Brief: Please copy every line from the records below that contains the string "assms".
■ ■ ■
lemma reduces_to_zero_spoly_2x3_minors_oriented:
  assumes slo: "strict_linear_order_on V r"
    and dist: "distinct [a1, a2, a3, b1, b2, b3]" and V: "{a1, a2, a3, b1, b2, b3} \<subseteq> V"
    and "f \<in> G" "g \<in> G" "h \<in> G"
    and f: "lead_binomial r f (mon_pair a1 b2) (mon_pair b1 a2)"
    and g: "pm_binom g (mon_pair a1 b3) (mon_pair b1 a3)"
    and h: "pm_binom h (mon_pair a2 b3) (mon_pair b2 a3)"
  shows "reduces_to_zero r G (spoly r f g :: 'k::field mpoly)"
proof -
  consider (shared) "lead_binomial r g (mon_pair a1 b3) (mon_pair b1 a3)"
    | (coprime) "lead_binomial r g (mon_pair b1 a3) (mon_pair a1 b3)"
    using lead_binomial_mon_pair[OF slo _ _ g] dist V by auto
  then show ?thesis
  proof cases
    case shared
    have spoly: "spoly r f g =
          binom (mon_pair b2 a3 + Poly_Mapping.single b1 1) (mon_pair a2 b3 + Poly_Mapping.single b1 1)"
      unfolding spoly_lead_binomials[OF f shared]
      by (intro arg_cong2[where f = binom] poly_mapping_eqI)
        (use dist in \<open>auto simp: lookup_add lookup_minus lookup_single when_def lookup_mon_pair mon_lcm_def\<close>)
    consider "lead_binomial r h (mon_pair a2 b3) (mon_pair b2 a3)"
      | "lead_binomial r h (mon_pair b2 a3) (mon_pair a2 b3)"
      using lead_binomial_mon_pair[OF slo _ _ h] dist V by auto
    then show ?thesis
    proof cases
      case 1
      show ?thesis
        unfolding spoly by (rule reduces_to_zero_binom_single_step(2)[OF \<open>h \<in> G\<close> 1 mon_dvd_add])
          (simp add: add.commute)
    next
      case 2
      show ?thesis
        unfolding spoly by (rule reduces_to_zero_binom_single_step(1)[OF \<open>h \<in> G\<close> 2 mon_dvd_add])
          (simp add: add.commute)
    qed
  next
    case coprime
    show ?thesis
      by (rule reduces_to_zero_spoly_coprime[OF \<open>f \<in> G\<close> \<open>g \<in> G\<close> f coprime], rule poly_mapping_eqI)
        (use dist in \<open>auto simp: lookup_add lookup_minus lookup_mon_pair mon_lcm_def\<close>)
  qed
qed

lemma reduces_to_zero_spoly_2x3_minors:
  assumes slo: "strict_linear_order_on V r"
    and dist: "distinct [a1, a2, a3, b1, b2, b3]" and V: "{a1, a2, a3, b1, b2, b3} \<subseteq> V"
    and G: "f \<in> G" "g \<in> G" "h \<in> G"
    and f: "pm_binom f (mon_pair a1 b2) (mon_pair b1 a2)"
    and g: "pm_binom g (mon_pair a1 b3) (mon_pair b1 a3)"
    and h: "pm_binom h (mon_pair a2 b3) (mon_pair b2 a3)"
  shows "reduces_to_zero r G (spoly r f g :: 'k::field mpoly)"
proof -
  consider "lead_binomial r f (mon_pair a1 b2) (mon_pair b1 a2)"
    | "lead_binomial r f (mon_pair b1 a2) (mon_pair a1 b2)"
    using lead_binomial_mon_pair[OF slo _ _ f] dist V by auto
  then show ?thesis
  proof cases
    case 1
    then show ?thesis
      by (rule reduces_to_zero_spoly_2x3_minors_oriented[OF slo dist V G _ g h])
  next
    case 2
    \<comment> \<open>exchanging the two rows of the matrix preserves the hypotheses\<close>
    have "distinct [b1, b2, b3, a1, a2, a3]" "{b1, b2, b3, a1, a2, a3} \<subseteq> V"
      using dist V by auto
    moreover have "pm_binom g (mon_pair b1 a3) (mon_pair a1 b3)"
      "pm_binom h (mon_pair b2 a3) (mon_pair a2 b3)"
      using g h by (simp_all add: pm_binom_commute mon_pair_commute)
    ultimately show ?thesis
      using reduces_to_zero_spoly_2x3_minors_oriented[OF slo _ _ G 2] by blast
  qed
qed

lemma inner_minor_eq_binom:
  "inner_minor (x1, y1) (x2, y2) = binom (mon_pair (x1, y1) (x2, y2)) (mon_pair (x1, y2) (x2, y1))"
  by (simp add: inner_minor_def var_def ul_corner_def lr_corner_def binom_def mon_pair_def mult_single)

lemma inner_minor_same_columns:
  "{j, l} = {s, t} \<Longrightarrow> pm_binom (inner_minor (i, j) (k, l)) (mon_pair (i, s) (k, t)) (mon_pair (k, s) (i, t))"
  by (auto simp: doubleton_eq_iff inner_minor_eq_binom pm_binom_def mon_pair_commute)

lemma inner_minor_same_rows:
  "{i, k} = {s, t} \<Longrightarrow> pm_binom (inner_minor (i, j) (k, l)) (mon_pair (s, j) (t, l)) (mon_pair (s, l) (t, j))"
  by (auto simp: doubleton_eq_iff inner_minor_eq_binom pm_binom_def mon_pair_commute)

lemma inner_interval_iff_cells:
  "inner_interval P a b \<longleftrightarrow>
     fst a < fst b \<and> snd a < snd b \<and> {fst a..<fst b} \<times> {snd a..<snd b} \<subseteq> P"
  by (auto simp: inner_interval_def)

lemma inner_interval_corners_in_vertex_set:
  assumes "inner_interval P (x1, y1) (x2, y2)"
  shows "{(x1, y1), (x2, y2), (x1, y2), (x2, y1)} \<subseteq> vertex_set P"
proof -
  have "x1 < x2" "y1 < y2" and cells: "{x1..<x2} \<times> {y1..<y2} \<subseteq> P"
    using assms by (auto simp: inner_interval_iff_cells)
  then have "(x1, y1) \<in> P" "(x2 - 1, y2 - 1) \<in> P" "(x1, y2 - 1) \<in> P" "(x2 - 1, y1) \<in> P"
    by auto
  moreover have "(x1, y1) \<in> cell_vertices (x1, y1)" "(x2, y2) \<in> cell_vertices (x2 - 1, y2 - 1)"
    "(x1, y2) \<in> cell_vertices (x1, y2 - 1)" "(x2, y1) \<in> cell_vertices (x2 - 1, y1)"
    by (simp_all add: cell_vertices_def)
  ultimately show ?thesis
    unfolding vertex_set_def by blast
qed

lemma two_sets_of_two_meeting_in_one:
  assumes "j \<noteq> l" "j' \<noteq> l'" "card ({j, l} \<inter> {j', l'}) = 1"
  obtains s t u where "{j, l} = {s, t}" "{j', l'} = {s, u}" "distinct [s, t, u]"
proof -
  obtain s where s: "{j, l} \<inter> {j', l'} = {s}"
    using assms(3) by (rule card_1_singletonE)
  define t where "t = (if s = j then l else j)"
  define u where "u = (if s = j' then l' else j')"
  have "{j, l} = {s, t}" "{j', l'} = {s, u}" "distinct [s, t, u]"
    using s assms(1,2) by (auto simp: t_def u_def doubleton_eq_iff)
  then show ?thesis
    by (rule that)
qed

lemma atLeastLessThan_between_other_endpoints:
  fixes j l j' l' s t u :: int
  assumes "j < l" "j' < l'" "{j, l} = {s, t}" "{j', l'} = {s, u}" "t \<noteq> u"
  shows "{min t u..<max t u} \<subseteq> {j..<l} \<union> {j'..<l'}"
  using assms by (auto simp: doubleton_eq_iff)

lemma inner_minor_in_inner_minors: "inner_interval P a b \<Longrightarrow> inner_minor a b \<in> inner_minors P"
  unfolding inner_minors_def by blast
■ ■ ■
Solved exercise:
    using assms by (auto simp: inner_interval_iff_cells)
    using assms(3) by (rule card_1_singletonE)
    using s assms(1,2) by (auto simp: t_def u_def doubleton_eq_iff)
  using assms by (auto simp: doubleton_eq_iff)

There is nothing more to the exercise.